- [Exercise prompt]: Please return every line in the following data that includes the string "robustness".

- [Material for this exercise]:
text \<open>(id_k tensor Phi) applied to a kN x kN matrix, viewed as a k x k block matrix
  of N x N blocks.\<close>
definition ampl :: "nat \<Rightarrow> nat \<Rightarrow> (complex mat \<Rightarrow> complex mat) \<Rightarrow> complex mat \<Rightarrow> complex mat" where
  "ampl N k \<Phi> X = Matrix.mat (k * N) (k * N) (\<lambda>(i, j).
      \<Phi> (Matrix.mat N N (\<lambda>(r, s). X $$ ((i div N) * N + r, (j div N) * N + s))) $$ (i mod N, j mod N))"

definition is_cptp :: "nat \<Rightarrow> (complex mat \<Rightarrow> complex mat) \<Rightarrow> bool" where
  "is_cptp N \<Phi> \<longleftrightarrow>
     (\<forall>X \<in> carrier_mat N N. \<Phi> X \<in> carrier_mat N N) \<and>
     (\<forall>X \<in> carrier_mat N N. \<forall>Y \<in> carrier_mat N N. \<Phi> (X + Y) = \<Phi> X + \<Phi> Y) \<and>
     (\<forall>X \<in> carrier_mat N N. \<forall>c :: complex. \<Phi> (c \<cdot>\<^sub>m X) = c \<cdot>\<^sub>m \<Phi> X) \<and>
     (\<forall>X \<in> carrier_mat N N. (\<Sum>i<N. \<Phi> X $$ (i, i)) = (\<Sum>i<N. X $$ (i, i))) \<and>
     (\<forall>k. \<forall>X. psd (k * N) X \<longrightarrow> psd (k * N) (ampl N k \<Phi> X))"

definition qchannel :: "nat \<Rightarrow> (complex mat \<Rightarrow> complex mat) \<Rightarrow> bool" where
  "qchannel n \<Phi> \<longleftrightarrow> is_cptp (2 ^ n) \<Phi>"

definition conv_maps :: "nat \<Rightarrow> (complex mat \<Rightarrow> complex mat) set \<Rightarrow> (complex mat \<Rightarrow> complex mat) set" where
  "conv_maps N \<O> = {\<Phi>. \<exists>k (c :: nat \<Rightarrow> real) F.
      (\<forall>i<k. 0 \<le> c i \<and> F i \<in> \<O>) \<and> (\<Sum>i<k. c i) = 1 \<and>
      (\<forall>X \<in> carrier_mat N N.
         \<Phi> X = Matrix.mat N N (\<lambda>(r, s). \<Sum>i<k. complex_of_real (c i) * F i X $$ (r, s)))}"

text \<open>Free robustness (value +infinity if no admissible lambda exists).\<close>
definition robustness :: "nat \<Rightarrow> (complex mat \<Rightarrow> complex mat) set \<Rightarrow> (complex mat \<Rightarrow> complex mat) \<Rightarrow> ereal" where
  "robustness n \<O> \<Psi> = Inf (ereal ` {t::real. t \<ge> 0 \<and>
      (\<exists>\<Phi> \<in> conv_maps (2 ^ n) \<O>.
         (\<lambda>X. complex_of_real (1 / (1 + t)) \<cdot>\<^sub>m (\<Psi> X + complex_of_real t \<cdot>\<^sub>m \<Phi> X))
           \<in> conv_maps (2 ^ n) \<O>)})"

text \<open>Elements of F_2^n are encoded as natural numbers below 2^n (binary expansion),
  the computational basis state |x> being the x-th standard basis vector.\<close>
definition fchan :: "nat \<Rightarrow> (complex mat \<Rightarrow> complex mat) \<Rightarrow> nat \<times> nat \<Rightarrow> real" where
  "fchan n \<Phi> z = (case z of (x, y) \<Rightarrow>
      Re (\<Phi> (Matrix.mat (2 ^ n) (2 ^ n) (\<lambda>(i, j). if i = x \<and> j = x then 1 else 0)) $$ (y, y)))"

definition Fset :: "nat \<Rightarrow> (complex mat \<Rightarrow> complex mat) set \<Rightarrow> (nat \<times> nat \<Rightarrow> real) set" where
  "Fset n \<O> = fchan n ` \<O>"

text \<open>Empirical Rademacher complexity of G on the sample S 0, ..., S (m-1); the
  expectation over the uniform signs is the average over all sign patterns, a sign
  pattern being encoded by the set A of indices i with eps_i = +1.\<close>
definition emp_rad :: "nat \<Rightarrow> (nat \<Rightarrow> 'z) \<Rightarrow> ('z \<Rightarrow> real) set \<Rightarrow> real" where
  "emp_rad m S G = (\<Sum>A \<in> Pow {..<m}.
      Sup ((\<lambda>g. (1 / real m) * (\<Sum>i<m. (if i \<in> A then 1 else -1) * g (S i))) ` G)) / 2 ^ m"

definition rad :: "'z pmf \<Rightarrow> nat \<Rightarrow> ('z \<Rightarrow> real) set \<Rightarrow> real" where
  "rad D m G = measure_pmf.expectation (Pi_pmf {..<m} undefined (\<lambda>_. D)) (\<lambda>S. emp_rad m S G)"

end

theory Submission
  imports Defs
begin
* * *
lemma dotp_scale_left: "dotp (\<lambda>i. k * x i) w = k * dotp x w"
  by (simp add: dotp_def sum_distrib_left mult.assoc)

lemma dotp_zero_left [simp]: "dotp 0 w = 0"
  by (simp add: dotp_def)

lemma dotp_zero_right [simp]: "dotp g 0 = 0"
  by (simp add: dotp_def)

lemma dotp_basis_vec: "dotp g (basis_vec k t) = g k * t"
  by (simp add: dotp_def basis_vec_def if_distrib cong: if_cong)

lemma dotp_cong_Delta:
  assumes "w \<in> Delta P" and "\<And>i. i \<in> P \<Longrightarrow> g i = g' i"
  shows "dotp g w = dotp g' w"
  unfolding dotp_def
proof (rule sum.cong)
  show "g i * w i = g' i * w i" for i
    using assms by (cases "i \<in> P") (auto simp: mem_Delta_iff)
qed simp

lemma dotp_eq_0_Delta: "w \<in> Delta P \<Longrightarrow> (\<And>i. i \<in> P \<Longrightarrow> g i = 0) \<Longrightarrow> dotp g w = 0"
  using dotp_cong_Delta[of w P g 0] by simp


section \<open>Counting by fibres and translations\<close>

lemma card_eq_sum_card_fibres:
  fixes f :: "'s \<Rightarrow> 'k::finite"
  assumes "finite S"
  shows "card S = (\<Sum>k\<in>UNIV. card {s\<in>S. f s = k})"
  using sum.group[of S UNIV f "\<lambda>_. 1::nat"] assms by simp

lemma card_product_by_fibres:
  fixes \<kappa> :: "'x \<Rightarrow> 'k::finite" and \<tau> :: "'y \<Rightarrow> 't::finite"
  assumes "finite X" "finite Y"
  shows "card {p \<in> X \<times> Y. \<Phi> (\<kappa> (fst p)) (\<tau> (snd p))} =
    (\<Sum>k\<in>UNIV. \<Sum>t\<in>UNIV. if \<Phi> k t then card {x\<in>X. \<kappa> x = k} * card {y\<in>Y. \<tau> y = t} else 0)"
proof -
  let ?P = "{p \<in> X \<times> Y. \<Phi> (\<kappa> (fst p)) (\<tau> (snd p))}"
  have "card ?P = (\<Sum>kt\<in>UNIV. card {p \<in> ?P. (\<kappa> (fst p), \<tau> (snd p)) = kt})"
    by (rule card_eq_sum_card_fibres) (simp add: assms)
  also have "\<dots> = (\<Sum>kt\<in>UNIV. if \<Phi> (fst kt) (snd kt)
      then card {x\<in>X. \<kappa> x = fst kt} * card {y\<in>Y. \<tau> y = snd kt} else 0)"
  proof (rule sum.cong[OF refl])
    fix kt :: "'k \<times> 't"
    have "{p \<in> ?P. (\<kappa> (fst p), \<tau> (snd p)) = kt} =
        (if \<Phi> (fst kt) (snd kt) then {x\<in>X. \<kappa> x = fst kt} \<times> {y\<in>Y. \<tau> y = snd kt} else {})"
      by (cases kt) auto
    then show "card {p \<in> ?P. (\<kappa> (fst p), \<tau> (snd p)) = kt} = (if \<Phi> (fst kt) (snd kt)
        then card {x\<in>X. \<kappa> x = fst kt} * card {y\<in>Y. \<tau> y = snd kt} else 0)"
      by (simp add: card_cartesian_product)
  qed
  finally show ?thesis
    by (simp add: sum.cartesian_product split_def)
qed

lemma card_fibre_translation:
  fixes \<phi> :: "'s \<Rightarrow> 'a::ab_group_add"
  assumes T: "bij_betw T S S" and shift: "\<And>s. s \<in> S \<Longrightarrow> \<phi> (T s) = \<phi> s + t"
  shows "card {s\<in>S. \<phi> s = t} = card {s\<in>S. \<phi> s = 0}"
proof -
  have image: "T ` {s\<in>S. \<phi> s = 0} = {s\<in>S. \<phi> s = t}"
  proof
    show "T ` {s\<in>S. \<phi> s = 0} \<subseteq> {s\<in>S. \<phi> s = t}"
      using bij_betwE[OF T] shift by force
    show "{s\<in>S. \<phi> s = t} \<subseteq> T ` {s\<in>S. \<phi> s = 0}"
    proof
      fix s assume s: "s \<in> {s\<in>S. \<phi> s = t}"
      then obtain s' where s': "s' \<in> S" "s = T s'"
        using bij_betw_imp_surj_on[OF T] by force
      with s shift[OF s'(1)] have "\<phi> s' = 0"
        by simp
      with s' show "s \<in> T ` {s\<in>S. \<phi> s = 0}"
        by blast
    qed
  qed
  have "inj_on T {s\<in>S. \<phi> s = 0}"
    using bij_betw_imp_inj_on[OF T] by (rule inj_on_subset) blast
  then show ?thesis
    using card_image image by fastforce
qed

- [Answer box]:
text \<open>Free robustness (value +infinity if no admissible lambda exists).\<close>
definition robustness :: "nat \<Rightarrow> (complex mat \<Rightarrow> complex mat) set \<Rightarrow> (complex mat \<Rightarrow> complex mat) \<Rightarrow> ereal" where
  "robustness n \<O> \<Psi> = Inf (ereal ` {t::real. t \<ge> 0 \<and>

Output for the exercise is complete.